Furthermore, every new expense puts financial pressure on another area of the University.

In the past few years, administrative departments like Information Technology Services have been required to make significant budget cuts, leading to layoffs. Earlier this month, Yale union members who were laid off as a result of these budget cuts petitioned Polak and Salovey to rescind the layoffs, although neither has publicly commented on the request.

The provost may draw ire from areas of campus for keeping their costs down, but his position also involves creating new initiatives.

Polak said he had to do a lot of work behind the scenes before he and Salovey could announce last week the creation of the Center for the Study of Race, Indigeneity and Transnational Migration, with an operating budget of around $600,000.

The question was not whether Yale needed such a center — discussions about a center predated Salovey’s Nov. 17 “Toward a Better Yale” email, which came in response to students’ demands for more ethnic studies programming — but rather whether Yale could afford one. The University administration is in agreement about a lot of initiatives, but the limiting factor is money, Polak said.

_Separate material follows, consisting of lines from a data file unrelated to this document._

lemma anchor_near_liminf_time:
  assumes "0 < \<delta>"
  obtains z n0 where "chi \<delta> \<le> n0" "real n0 \<le> \<Phi> (\<tau> \<delta>) (chi \<delta>)"
    "z \<in> measurable (Fil n0) borel" "\<And>\<omega>. F (z \<omega>) = 0"
    "\<And>m. (\<lambda>\<omega>. \<phi> (z \<omega>) (x m \<omega>)) \<in> borel_measurable (Fil (max n0 m))"
    "(\<integral>\<^sup>+\<omega>. ennreal (\<phi> (z \<omega>) (x n0 \<omega>)) \<partial>M) < ennreal \<delta>"
proof -
  obtain e :: "nat \<Rightarrow> 'a" where e: "range e \<subseteq> {z. F z = 0}" "{z. F z = 0} \<subseteq> closure (range e)"
    using dense_sequence[OF zer_ne] by blast
  obtain n0 where n0: "chi \<delta> \<le> n0" "real n0 \<le> \<Phi> (\<tau> \<delta>) (chi \<delta>)"
    "(\<integral>\<^sup>+\<omega>. F (x n0 \<omega>) \<partial>M) < ennreal (\<tau> \<delta>)"
    using liminf_bound[OF tau_pos[OF assms]] by blast
  have "(\<integral>\<^sup>+\<omega>. ennreal (phi_dist \<phi> {z. F z = 0} (x n0 \<omega>)) \<partial>M) < ennreal \<delta>"
    by (rule tau_reg[OF assms x_in_D n0(3)])
  then have "(\<integral>\<^sup>+\<omega>. ennreal (INF k. \<phi> (e k) (x n0 \<omega>)) \<partial>M) < ennreal \<delta>"
    by (simp add: phi_dist_eq_INF_dense[OF phi_cont phi_nonneg e])
  then obtain J where J: "J \<in> measurable (Fil n0) (count_space UNIV)"
    "(\<integral>\<^sup>+\<omega>. ennreal (\<phi> (e (J \<omega>)) (x n0 \<omega>)) \<partial>M) < ennreal \<delta>"
    by (rule measurable_near_minimiser[OF filt_sub measurable_compose[OF adapted phi_meas] phi_nonneg])
  show ?thesis
  proof (rule that[of n0 "\<lambda>\<omega>. e (J \<omega>)"])
    show "(\<lambda>\<omega>. e (J \<omega>)) \<in> measurable (Fil n0) borel"
      by (rule measurable_compose[OF J(1)]) simp
    show "F (e (J \<omega>)) = 0" for \<omega> using e(1) by auto
    show "(\<lambda>\<omega>. \<phi> (e (J \<omega>)) (x m \<omega>)) \<in> borel_measurable (Fil (max n0 m))" for m
    proof (rule measurable_compose_countable[where f = "\<lambda>k \<omega>. \<phi> (e k) (x m \<omega>)",
          OF _ measurable_Fil_mono[OF _ J(1)]])
      fix k
      show "(\<lambda>\<omega>. \<phi> (e k) (x m \<omega>)) \<in> borel_measurable (Fil (max n0 m))"
        by (rule measurable_compose[OF measurable_Fil_mono[OF _ adapted] phi_meas]) simp
    qed simp
  qed (use n0 J(2) in auto)
qed

\<comment> \<open>An anchor is a random point of the zero set, known at a time \<open>n0 \<le> rate \<epsilon>\<close>, from which the
    process stays \<open>\<phi>\<close>-close from then on, in mean and with high probability.\<close>
lemma anchor_exists:
  assumes "0 < \<epsilon>"
  obtains z n0 where "z \<in> borel_measurable M" "\<And>\<omega>. F (z \<omega>) = 0" "real n0 \<le> rate \<epsilon>"
    "\<And>m. (\<lambda>\<omega>. \<phi> (z \<omega>) (x m \<omega>)) \<in> borel_measurable M"
    "\<And>m. n0 \<le> m \<Longrightarrow> (\<integral>\<^sup>+\<omega>. ennreal (\<phi> (z \<omega>) (x m \<omega>)) \<partial>M) \<le> ennreal (2 * \<epsilon> / 3)"
    "\<And>c. 0 < c \<Longrightarrow> measure M {\<omega> \<in> space M. \<exists>m\<ge>n0. c \<le> \<phi> (z \<omega>) (x m \<omega>)} \<le> 2 * \<epsilon> / (3 * c)"
proof -
  define \<delta> where "\<delta> = \<epsilon> / (3 * K)"
  have \<delta>: "0 < \<delta>" "K * (2 * \<delta>) = 2 * \<epsilon> / 3" using assms K_pos by (simp_all add: \<delta>_def)
  obtain z n0 where n0: "chi \<delta> \<le> n0" "real n0 \<le> \<Phi> (\<tau> \<delta>) (chi \<delta>)"
    and z: "z \<in> measurable (Fil n0) borel" "\<And>\<omega>. F (z \<omega>) = 0"
    and phi_z: "\<And>m. (\<lambda>\<omega>. \<phi> (z \<omega>) (x m \<omega>)) \<in> borel_measurable (Fil (max n0 m))"
    and phi_z_n0: "(\<integral>\<^sup>+\<omega>. ennreal (\<phi> (z \<omega>) (x n0 \<omega>)) \<partial>M) < ennreal \<delta>"
    by (rule anchor_near_liminf_time[OF \<delta>(1)]) blast
  have phi_adapted: "(\<lambda>\<omega>. \<phi> (z \<omega>) (x n \<omega>)) \<in> borel_measurable (Fil n)" if "n0 \<le> n" for n
    using phi_z[of n] that by (simp add: max_absorb2)
  have tail: "(\<Sum>j. \<integral>\<^sup>+\<omega>. ennreal (\<xi> (n0 + j) \<omega>) \<partial>M) < ennreal \<delta>"
    using ennreal_suminf_tail_mono[OF n0(1), of "\<lambda>n. \<integral>\<^sup>+\<omega>. ennreal (\<xi> n \<omega>) \<partial>M"] chi[OF \<delta>(1)]
    by (simp add: add.commute)
  have "(\<integral>\<^sup>+\<omega>. ennreal (\<phi> (z \<omega>) (x n0 \<omega>)) \<partial>M) + (\<Sum>j. \<integral>\<^sup>+\<omega>. ennreal (\<xi> (n0 + j) \<omega>) \<partial>M)
      \<le> ennreal \<delta> + ennreal \<delta>"
    using phi_z_n0 tail by (intro add_mono) simp_all
  also have "\<dots> = ennreal (2 * \<delta>)" using \<delta> by (simp flip: ennreal_plus)
  finally have total: "(\<integral>\<^sup>+\<omega>. ennreal (\<phi> (z \<omega>) (x n0 \<omega>)) \<partial>M)
      + (\<Sum>j. \<integral>\<^sup>+\<omega>. ennreal (\<xi> (n0 + j) \<omega>) \<partial>M) \<le> ennreal (2 * \<delta>)" .
  show ?thesis
  proof (rule that)
    show "z \<in> borel_measurable M" by (rule measurable_Fil_M[OF z(1)])
    show "real n0 \<le> rate \<epsilon>" using n0(2) by (simp add: rate_def \<delta>_def)
    show "(\<lambda>\<omega>. \<phi> (z \<omega>) (x m \<omega>)) \<in> borel_measurable M" for m by (rule measurable_Fil_M[OF phi_z])
    show "(\<integral>\<^sup>+\<omega>. ennreal (\<phi> (z \<omega>) (x m \<omega>)) \<partial>M) \<le> ennreal (2 * \<epsilon> / 3)" if "n0 \<le> m" for m
      using quasi_fejer_mean_bound[OF z phi_adapted total _ that] \<delta> by simp
    show "measure M {\<omega> \<in> space M. \<exists>m\<ge>n0. c \<le> \<phi> (z \<omega>) (x m \<omega>)} \<le> 2 * \<epsilon> / (3 * c)" if "0 < c" for c
      using quasi_fejer_deviation_bound[OF z phi_adapted total _ that] \<delta> by simp
  qed (rule z(2))
qed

For instance, Yale would like to be increasing financial aid at a faster rate than it is able, Polak said, but the current rate is what Yale can afford.

“We have to make tradeoffs, we have to make choices,” Polak said. “I would like people to understand: we’re not saying ‘no’ because we like saying ‘no.’ It is in fact because of limited resources.”

Correction, Feb. 22: A previous version of this article incorrectly stated that the endowment and budget dropped considerably in 2012; in fact, the year was 2009.